Speed (m s-1) VO2 (ml min-1) % VO2,max
0 20.0 ± 1.1 13.4
0.5 52.6 ± 2.5 35.2
1.5 94.9 ± 3.5 63.4
2.28 to 2.78 134.9 ± 3.2 90.1

Our data on blood flow are consistent with our assumption that blood flow is recruited in proportion to the metabolic rate of the muscles and is highly specific to individual muscles. First, the increase in total blood flow to the legs during treadmill exercise was directly proportional to the increase in oxygen consumption by the animal (Fig. 2). Second, muscles not used in terrestrial locomotion, such as the flight muscles, showed little or no increase in flow as running speed was increased (fig. S1). Third, as running speed was increased, the increase in flow to the individual leg muscles was highly specific and likely reflected differences in recruitment (fig. S1).

Fig. 2.

Total blood flow to the hindlimb muscles of guinea fowl as a function of the oxygen consumption of the animal measured at the same treadmill speed. The highest levels of oxygen consumption represent 90% of the VO2,max measured for each animal. The line is a least-squares linear regression with the equation Qleg = 10.8VO2 – 192 (r 2 = 0.94), where Qleg is total blood flow to the leg muscles in ml min–1 and VO2 is the oxygen consumption of the bird in ml O2 min–1.

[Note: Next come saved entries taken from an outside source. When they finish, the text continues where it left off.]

(* Let $X$ be a real random variable with distribution $F$ and mean $\mu$, let $\psi(\theta)=\log E[e^{\theta X}]$ and $\mathcal D=\{\theta:\psi(\theta)<\infty\}$. Let $b>\mu$, suppose $0\in\mathcal D^\circ$ and there is a unique $\theta^*\in\mathcal D^\circ$ with $\psi'(\theta^* )=b$. Let $(u_n)$ be a sequence of truncation levels for which there exists $\theta'>0$ with $\theta^*+\theta'\in\mathcal D^\circ$ and $\lim_{n\to\infty}ne^{-\theta' u_n}=0$. Define $\psi_n(\theta)=\log E[e^{\theta X}\mid X\le u_n]$. Then $$\lim_{n\to\infty}n\big(\psi_n'(\theta^* )-\psi'(\theta^* )\big)=0,\qquad \lim_{n\to\infty}n\big(\psi_n(\theta^* )-\psi(\theta^* )\big)=0.$$
   Context: $\mathcal D^\circ$ denotes the interior of $\mathcal D$. *)

theory Defs
  imports "HOL-Probability.Probability"
begin

text \<open>F is the distribution of X, modelled as a probability measure on the Borel reals.\<close>

definition cgf :: "real measure \<Rightarrow> real \<Rightarrow> real" where
  "cgf F \<theta> = ln (\<integral>x. exp (\<theta> * x) \<partial>F)"

definition cgf_dom :: "real measure \<Rightarrow> real set" where
  "cgf_dom F = {\<theta>. integrable F (\<lambda>x. exp (\<theta> * x))}"

definition trunc_cgf :: "real measure \<Rightarrow> real \<Rightarrow> real \<Rightarrow> real" where
  "trunc_cgf F u \<theta> = ln ((LINT x:{..u}|F. exp (\<theta> * x)) / measure F {..u})"

end

theory Submission
  imports Defs
begin

(*
  Write M(t) = E e^(tX) and T(u) = E[X e^(theta X); X > u] at theta = theta_s.
  Since psi' is the mean of the exponentially tilted law, Chebyshev's covariance inequality
  gives psi'(t) <= E X for t <= 0, so psi'(theta_s) = b > mu forces theta_s >= 0.
  Truncation at u only removes the tails E[e^(theta X); X > u] and T(u) from M(theta) and
  M'(theta), and P(X > u) from the normalisation; for theta >= 0 and u >= 1 all three are
  at most T(u). Perturbation bounds for a quotient and a logarithm then bound both
  |psi_u'(theta) - psi'(theta)| and |psi_u(theta) - psi(theta)| by a constant times T(u).
  Finally x <= e^(eps x) / eps, with theta + theta' + eps still in the domain, gives
  T(u) <= C e^(-theta' u), hence n T(u_n) -> 0.
*)

lemma power_div_fact_le_exp:
  fixes x :: real
  assumes "0 \<le> x"
  shows "x ^ k / fact k \<le> exp x"
proof -
  obtain t where t: "exp x = (\<Sum>m<Suc k. x ^ m / fact m) + exp t / fact (Suc k) * x ^ Suc k"
    using Maclaurin_exp_le by blast
  have "x ^ k / fact k \<le> (\<Sum>m<Suc k. x ^ m / fact m)"
    using assms by (intro member_le_sum) auto
  also have "\<dots> \<le> exp x"
    unfolding t using assms by simp
  finally show ?thesis .
qed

Most of the thigh muscles were assigned as stance-phase or swing-phase muscles on the basis of the electromyographic data in (26). We confirmed these data for a number of thigh muscles and also recorded electromyograms (EMGs) for most of the major muscles in the lower leg (Fig. 1).

Although the classification of muscles as being active in stance versus swing is clear in most cases, some uncertainties exist. First, some of the stance-phase muscles actually start activity during late swing phase and possibly contribute to the mechanics of late swing (26) (Fig. 1). The flexor cruris lateralis pars pelvica (FCLP) and the iliotrochantericus caudalis (ITC) had particularly strong activity in late swing. However, the converse pattern occurred for some swing-phase muscles, such as the iliotibialis cranialis (IC) and tibialis cranialis (TC), which started activity in late stance. For simplicity, we classified these muscles as solely stance-phase or swing-phase muscles, because after correcting for the presumed delay between the onset of electrical activity and force production, most of the activity fell into a single phase of the stride. Two thigh muscles, the femerotibialis (FT) and iliofibularis (IF), showed definite activity during both swing phase and stance phase (Fig. 1). For both of these muscles, we assumed that half of the blood flow supported stance-phase activity and half supported swing-phase activity. In the data reported here, we measured flow to the whole IF. Subsequently, we discovered that the activity of this muscle is regionalized. The anterior portion of the muscle is active primarily in swing phase and the posterior portion is active largely during stance phase (Fig. 1), a pattern also occurring in chicks of the domestic fowl (28). Additional measurements done at a single running speed of 1.5 m s–1 indicate that 65% of the total blood flow is to the anterior half of the IF, which suggests that our assignment of 50% of the metabolism of this muscle to swing phase is conservative. The division of activity between stance and swing in the FT is less certain. However, when we used the highest and lowest recorded values of integrated EMGs to repartition energy use by the FT, our results did not change substantially (29). A few muscles were not measured electromyographically, and these were assigned to swing and stance phases on the basis of their anatomical position and the activity recorded in synergistic muscles. The only muscles of any substantial size in this category were the digital flexor muscles, which were all assigned to stance phase on the basis of EMGs recorded in the superficial flexors of digits II and III (Fig. 1).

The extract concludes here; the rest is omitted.